Others, by contrast, have expressed concerns about the use of older devices as predicates. A recent law review article advocated a ban on the use of predicates that are more than ten years old. The FDA has recently expressed concern about the use of older devices as predicates. In late 2018, then Commissioner Scott Gottlieb announced that the FDA would seek public comment on a proposal to forbid the use of predicates more than 10 years old. Although Gottlieb’s statement claimed that devices cleared in the distant past were safe, one obvious concern is that older technology may be less safe than newer technology. Ultimately, the Agency did not adopt a formal ban. But Gottlieb’s comments highlighted concerns over the use of old technology as a starting point for new 510(k) devices.
To test the effect of the age of device predicates, that following hypotheses can be tested:
H5a: Devices for which the interval between the clearance date of the predicate (or whose youngest predicate where more than one predicate is cited) and the clearance of the subject fall within the shortest quartile are not less safe than other devices.
H5b: Devices for which the interval between the clearance date of the predicate (or whose oldest predicate where more than one predicate is cited) and the subject fall within the longest quartile are not less safe than other devices.
6. Repeated Modification Without Evidence of Safety: Predicate Creep
Most of the innovation of FDA-regulated medical devices occurs through a process of small, iterative changes that are made to existing devices. We typically think of this process as salutary—through constant modification, manufacturers continuously improve their products, providing safer and more effective devices. But if the rate of technological change outstrips the ability of the regulatory system to ensure safety, the accumulation of small iterative changes may lead to a product that is technologically remote from its precursor and that poses unacceptable risks to patients.
The Safe Medical Devices Act of 1990, which expanded the legally acceptable predicate devices to include post-amendment devices, resulted in a 510(k) regime in which a new device can cite an already-cleared device, after which a later, newer device can cite the new device, and so on. By allowing an unlimited sequence of iterative changes to a device while also permitting “significant change[s] in the materials, design, energy source, or other features of the device from those of the predicate device,” some 510(k)-cleared devices will diverge substantially from earlier devices. Under the 510(k) framework, a new device (“D1”) may be approved despite having technological differences from its predicate device (“D0”). Predicate creep arises because of iterative 510(k) approvals: a newer device (“D2”) can be approved based on substantial equivalence to D1 in spite of technological differences between D1 and D2. Through dozens of iterations, device D25 or D50 may incorporate technology that is radically different from the original predicate, D0. Even if D0 had been subjected to a thorough safety evaluation, which is frequently not the case for 510(k) devices, D25 or D50 have not.

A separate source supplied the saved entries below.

(* Condition on the vector s of fair coins. Given s, the bits b_i are independent with
   Pr[b_i = 1] = r_i(s_i), so the number of users of group b (those with s_i = b) reporting 1 has
   expectation sum_{s_i = b} r_i(b), while the group sizes and the event that both groups are
   non-empty are determined by s. The factor 1/#{i. s_i = b} then averages out: the coins are
   exchangeable and the event is symmetric, so E[1_mixed(s) [s_i = b] / #{j. s_j = b}] is the same
   for all n users, and these n expectations add up to Pr[mixed]. Hence conditionally
   E[f_b] = (1/n) sum_i r_i(b). For the mechanism, r_i(1) - r_i(0) = (2p - 1) v_i for truthful
   users and 0 for null users, and 1 - r_i(1) - r_i(0) = 2p - 1 for null users and 0 otherwise. *)

lemma finite_set_Pi_pmf:
  assumes "finite A" "\<And>x. x \<in> A \<Longrightarrow> finite (set_pmf (p x))"
  shows "finite (set_pmf (Pi_pmf A d p))"
  using assms by (intro finite_subset[OF set_Pi_pmf_subset'] finite_PiE_dflt) auto

lemma expectation_bind_pmf_finite:
  fixes h :: "'b \<Rightarrow> real"
  assumes "finite (set_pmf p)" "\<And>x. x \<in> set_pmf p \<Longrightarrow> finite (set_pmf (f x))"
  shows "measure_pmf.expectation (p \<bind> f) h =
         measure_pmf.expectation p (\<lambda>x. measure_pmf.expectation (f x) h)"
  using pmf_expectation_bind[of "set_pmf p" f p h] assms
    integral_measure_pmf[OF assms(1), of p "\<lambda>x. measure_pmf.expectation (f x) h"]
  by simp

Standard casebooks on FDA law have described the occurrence of predicate creep in 510(k) devices, noting that iterative modification, “especially if carried through several generations, may lead to the marketing of new devices that bear little resemblance to any pre-amendment products.” Many commentators in the legal literature have discussed the possible dangers associated with predicate creep. Focusing on the problems and costs associated with certain artificial hip prostheses, Professor Frank Griffin criticized the statutory structure that permits the process of iterative change: “The cumulative design changes associated with predicate creep can lead to devices with little resemblance to the original predicate in a long ‘predicate chain,’ which means the approved device is likely only as safe and effective as the weakest link in the chain.”
Commentators in the medical literature have also focused on the possible dangers of predicate creep. Doctor Joseph Ross and colleagues argued that one causal factor that led to the recall of a thrombectomy catheter was the iterative process of change (which they termed “device creep”). Doctors Eli Adashi and Katina M. Robison, with coauthor I. Glenn Cohen, wrote in a recent JAMA article focusing on power morcellators that while some “reference predicates may have been cleared decades ago. . . . others are quite dissimilar to the device under review by dint of ‘predicate creep.’”
In its 2011 report, the Institute of Medicine elaborated on the safety risk that the iterative process creates: “Prior 510(k) clearances are legally binding on the FDA when making 510(k)-clearance decisions. Thus, any unsafe or ineffective devices are embedded in the system and as both a legal and a practical matter may be used as predicates for new devices until the predicates are removed from the market.”
Despite the amount of criticism over the risks created by predicate creep in the 510(k) context, there is no quantitative evidence linking predicate creep to harm. Rather, these criticisms have been based almost entirely on deductive reasoning and on examples drawn from single device types.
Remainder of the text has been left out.